(* Assume (A1)–(A3), the latent index model (LI) below, and that $\Gamma^{Wald}$ is positive definite. Let $w^P$ be the MTE weight function of a policy that changes the propensity score distribution. Then there exists a unique $$\omega^{PRTE}=\arg\min_{\omega\in\mathcal S}\omega'\Gamma^{Wald}\omega,\qquad\text{where}\quad\mathcal S=\arg\min_{\omega\in\Delta^{L-1}}\int_0^1\bigl[\bar h(u;\omega)-w^P(u)\bigr]^2du.$$
   Context: Observe i.i.d. $(Y_i,D_i,\mathbf Z_i)$, $Y_i\in\mathbb R$, $D_i\in\{0,1\}$, $\mathbf Z_i=(Z_{1i},\dots,Z_{Li})'\in\{0,1\}^L$, $L\ge2$; potential outcomes $Y_i(0),Y_i(1)$, compliance type $D_i(\cdot):\{0,1\}^L\to\{0,1\}$, $D_i=D_i(\mathbf Z_i)$, $Y_i=D_iY_i(1)+(1-D_i)Y_i(0)$. $p_\ell=P(Z_{\ell i}=1)$, $\pi_\ell,\rho_\ell$ the differences of $\mathbb E[D_i\mid Z_{\ell i}=z]$, $\mathbb E[Y_i\mid Z_{\ell i}=z]$ between $z=1,0$, $\mathrm{Wald}_\ell=\rho_\ell/\pi_\ell$, $\gamma_\ell=\mathrm{Cov}(D_i,Z_{\ell i})$, $\Sigma_Z=\mathrm{Var}(\mathbf Z_i)$. $\Gamma^{Wald}_{\ell k}=\mathbb E[\tilde\epsilon_{i,\ell}\tilde\epsilon_{i,k}(Z_{\ell i}-p_\ell)(Z_{ki}-p_k)]/(\gamma_\ell\gamma_k)$, $\tilde\epsilon_{i,\ell}=Y_i-\mathrm{Wald}_\ell D_i-(\mathbb E[Y_i]-\mathrm{Wald}_\ell\mathbb E[D_i])$. $\Delta^{L-1}$ is the probability simplex in $\mathbb R^L$. (LI): $D_i=\mathbf 1\{V(\mathbf Z_i)\ge U_i\}$, $U_i\sim\mathrm{Uniform}(0,1)$ conditional on potential outcomes; $p(z)=V(z)=P(D_i=1\mid\mathbf Z_i=z)$; $h_\ell(u)=\dfrac{P(p(\mathbf Z_i)\ge u\mid Z_{\ell i}=1)-P(p(\mathbf Z_i)\ge u\mid Z_{\ell i}=0)}{\mathbb E[p(\mathbf Z_i)\mid Z_{\ell i}=1]-\mathbb E[p(\mathbf Z_i)\mid Z_{\ell i}=0]}$, $\bar h(u;\omega)=\sum_\ell\omega_\ell h_\ell(u)$. A policy moving the instrument distribution from $F_0$ to $F_1$ has weight $w^P(u)=(F_0(u)-F_1(u))/\int_0^1(F_0(s)-F_1(s))ds$, where $F_j(u)=P(p(\mathbf Z_i)\ge u\mid\text{policy }j)$ (denominator assumed nonzero). Assumptions: (A1) $(Y_i(0),Y_i(1),D_i(\cdot))$ independent of $\mathbf Z_i$. (A2) $D_i(z)$ nondecreasing in each coordinate for every $i$. (A3) $p_\ell>0$, $\pi_\ell>0$ for all $\ell$; $\Sigma_Z$ positive definite. *)

theory Defs
  imports "HOL-Probability.Probability"
begin

text \<open>Population quantities for one draw (Y, D, Z) from the probability space M.
  Instruments are indexed by a finite type 'l; Z \<omega> l is Z_l.\<close>

definition cexp :: "'a measure \<Rightarrow> ('a \<Rightarrow> real) \<Rightarrow> 'a set \<Rightarrow> real" where
  "cexp M X A = (\<integral>\<omega>. indicator A \<omega> * X \<omega> \<partial>M) / measure M A"

definition evZ :: "'a measure \<Rightarrow> ('a \<Rightarrow> 'l \<Rightarrow> bool) \<Rightarrow> 'l \<Rightarrow> bool \<Rightarrow> 'a set" where
  "evZ M Z l z = {\<omega> \<in> space M. Z \<omega> l = z}"

definition cdiff :: "'a measure \<Rightarrow> ('a \<Rightarrow> 'l \<Rightarrow> bool) \<Rightarrow> ('a \<Rightarrow> real) \<Rightarrow> 'l \<Rightarrow> real" where
  "cdiff M Z X l = cexp M X (evZ M Z l True) - cexp M X (evZ M Z l False)"

definition pZ :: "'a measure \<Rightarrow> ('a \<Rightarrow> 'l \<Rightarrow> bool) \<Rightarrow> 'l \<Rightarrow> real" where
  "pZ M Z l = measure M (evZ M Z l True)"

definition piIV :: "'a measure \<Rightarrow> ('a \<Rightarrow> bool) \<Rightarrow> ('a \<Rightarrow> 'l \<Rightarrow> bool) \<Rightarrow> 'l \<Rightarrow> real" where
  "piIV M D Z l = cdiff M Z (\<lambda>\<omega>. of_bool (D \<omega>)) l"

definition rhoIV :: "'a measure \<Rightarrow> ('a \<Rightarrow> real) \<Rightarrow> ('a \<Rightarrow> 'l \<Rightarrow> bool) \<Rightarrow> 'l \<Rightarrow> real" where
  "rhoIV M Y Z l = cdiff M Z Y l"

definition Wald :: "'a measure \<Rightarrow> ('a \<Rightarrow> real) \<Rightarrow> ('a \<Rightarrow> bool) \<Rightarrow> ('a \<Rightarrow> 'l \<Rightarrow> bool) \<Rightarrow> 'l \<Rightarrow> real" where
  "Wald M Y D Z l = rhoIV M Y Z l / piIV M D Z l"

definition gammaIV :: "'a measure \<Rightarrow> ('a \<Rightarrow> bool) \<Rightarrow> ('a \<Rightarrow> 'l \<Rightarrow> bool) \<Rightarrow> 'l \<Rightarrow> real" where
  "gammaIV M D Z l =
     (\<integral>\<omega>. of_bool (D \<omega>) * of_bool (Z \<omega> l) \<partial>M) - (\<integral>\<omega>. of_bool (D \<omega>) \<partial>M) * pZ M Z l"

definition SigmaZ :: "'a measure \<Rightarrow> ('a \<Rightarrow> 'l \<Rightarrow> bool) \<Rightarrow> 'l \<Rightarrow> 'l \<Rightarrow> real" where
  "SigmaZ M Z l k = (\<integral>\<omega>. of_bool (Z \<omega> l) * of_bool (Z \<omega> k) \<partial>M) - pZ M Z l * pZ M Z k"

definition epsW :: "'a measure \<Rightarrow> ('a \<Rightarrow> real) \<Rightarrow> ('a \<Rightarrow> bool) \<Rightarrow> ('a \<Rightarrow> 'l \<Rightarrow> bool) \<Rightarrow> 'l \<Rightarrow> 'a \<Rightarrow> real" where
  "epsW M Y D Z l \<omega> = Y \<omega> - Wald M Y D Z l * of_bool (D \<omega>)
     - ((\<integral>\<omega>'. Y \<omega>' \<partial>M) - Wald M Y D Z l * (\<integral>\<omega>'. of_bool (D \<omega>') \<partial>M))"

definition GammaWald :: "'a measure \<Rightarrow> ('a \<Rightarrow> real) \<Rightarrow> ('a \<Rightarrow> bool) \<Rightarrow> ('a \<Rightarrow> 'l \<Rightarrow> bool) \<Rightarrow> 'l \<Rightarrow> 'l \<Rightarrow> real" where
  "GammaWald M Y D Z l k =
     (\<integral>\<omega>. epsW M Y D Z l \<omega> * epsW M Y D Z k \<omega>
          * (of_bool (Z \<omega> l) - pZ M Z l) * (of_bool (Z \<omega> k) - pZ M Z k) \<partial>M)
     / (gammaIV M D Z l * gammaIV M D Z k)"

definition posdef :: "('l::finite \<Rightarrow> 'l \<Rightarrow> real) \<Rightarrow> bool" where
  "posdef G \<longleftrightarrow> (\<forall>x::'l \<Rightarrow> real. (\<exists>l. x l \<noteq> 0) \<longrightarrow> (\<Sum>l\<in>UNIV. \<Sum>k\<in>UNIV. x l * G l k * x k) > 0)"

definition quadform :: "('l::finite \<Rightarrow> 'l \<Rightarrow> real) \<Rightarrow> ('l \<Rightarrow> real) \<Rightarrow> real" where
  "quadform G x = (\<Sum>l\<in>UNIV. \<Sum>k\<in>UNIV. x l * G l k * x k)"

definition hfun :: "'a measure \<Rightarrow> ('a \<Rightarrow> 'l \<Rightarrow> bool) \<Rightarrow> (('l \<Rightarrow> bool) \<Rightarrow> real) \<Rightarrow> 'l \<Rightarrow> real \<Rightarrow> real" where
  "hfun M Z p l u = cdiff M Z (\<lambda>\<omega>. of_bool (p (Z \<omega>) \<ge> u)) l / cdiff M Z (\<lambda>\<omega>. p (Z \<omega>)) l"

definition hbar :: "'a measure \<Rightarrow> ('a \<Rightarrow> 'l::finite \<Rightarrow> bool) \<Rightarrow> (('l \<Rightarrow> bool) \<Rightarrow> real) \<Rightarrow> ('l \<Rightarrow> real) \<Rightarrow> real \<Rightarrow> real" where
  "hbar M Z p w u = (\<Sum>l\<in>UNIV. w l * hfun M Z p l u)"

text \<open>Policy weights: Q0, Q1 are the distributions of the propensity score under policies 0 and 1;
  F_j(u) = P(p(Z) \<ge> u | policy j).\<close>
definition Fpol :: "real measure \<Rightarrow> real \<Rightarrow> real" where
  "Fpol Q u = measure Q {u..}"

definition wP :: "real measure \<Rightarrow> real measure \<Rightarrow> real \<Rightarrow> real" where
  "wP Q0 Q1 u = (Fpol Q0 u - Fpol Q1 u) / (LINT s:{0..1}|lborel. Fpol Q0 s - Fpol Q1 s)"

definition prob_simplex :: "('l::finite \<Rightarrow> real) set" where
  "prob_simplex = {w. (\<forall>l. 0 \<le> w l) \<and> (\<Sum>l\<in>UNIV. w l) = 1}"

--- Try it ---
Could you reproduce exactly the lines of the entries above, from the one with "A = (\<integral>\<omega>." through the one with "cdiff M Z Y", and nothing else?

--- Answer section ---
  "cexp M X A = (\<integral>\<omega>. indicator A \<omega> * X \<omega> \<partial>M) / measure M A"

definition evZ :: "'a measure \<Rightarrow> ('a \<Rightarrow> 'l \<Rightarrow> bool) \<Rightarrow> 'l \<Rightarrow> bool \<Rightarrow> 'a set" where
  "evZ M Z l z = {\<omega> \<in> space M. Z \<omega> l = z}"

definition cdiff :: "'a measure \<Rightarrow> ('a \<Rightarrow> 'l \<Rightarrow> bool) \<Rightarrow> ('a \<Rightarrow> real) \<Rightarrow> 'l \<Rightarrow> real" where
  "cdiff M Z X l = cexp M X (evZ M Z l True) - cexp M X (evZ M Z l False)"

definition pZ :: "'a measure \<Rightarrow> ('a \<Rightarrow> 'l \<Rightarrow> bool) \<Rightarrow> 'l \<Rightarrow> real" where
  "pZ M Z l = measure M (evZ M Z l True)"

definition piIV :: "'a measure \<Rightarrow> ('a \<Rightarrow> bool) \<Rightarrow> ('a \<Rightarrow> 'l \<Rightarrow> bool) \<Rightarrow> 'l \<Rightarrow> real" where
  "piIV M D Z l = cdiff M Z (\<lambda>\<omega>. of_bool (D \<omega>)) l"

definition rhoIV :: "'a measure \<Rightarrow> ('a \<Rightarrow> real) \<Rightarrow> ('a \<Rightarrow> 'l \<Rightarrow> bool) \<Rightarrow> 'l \<Rightarrow> real" where
  "rhoIV M Y Z l = cdiff M Z Y l"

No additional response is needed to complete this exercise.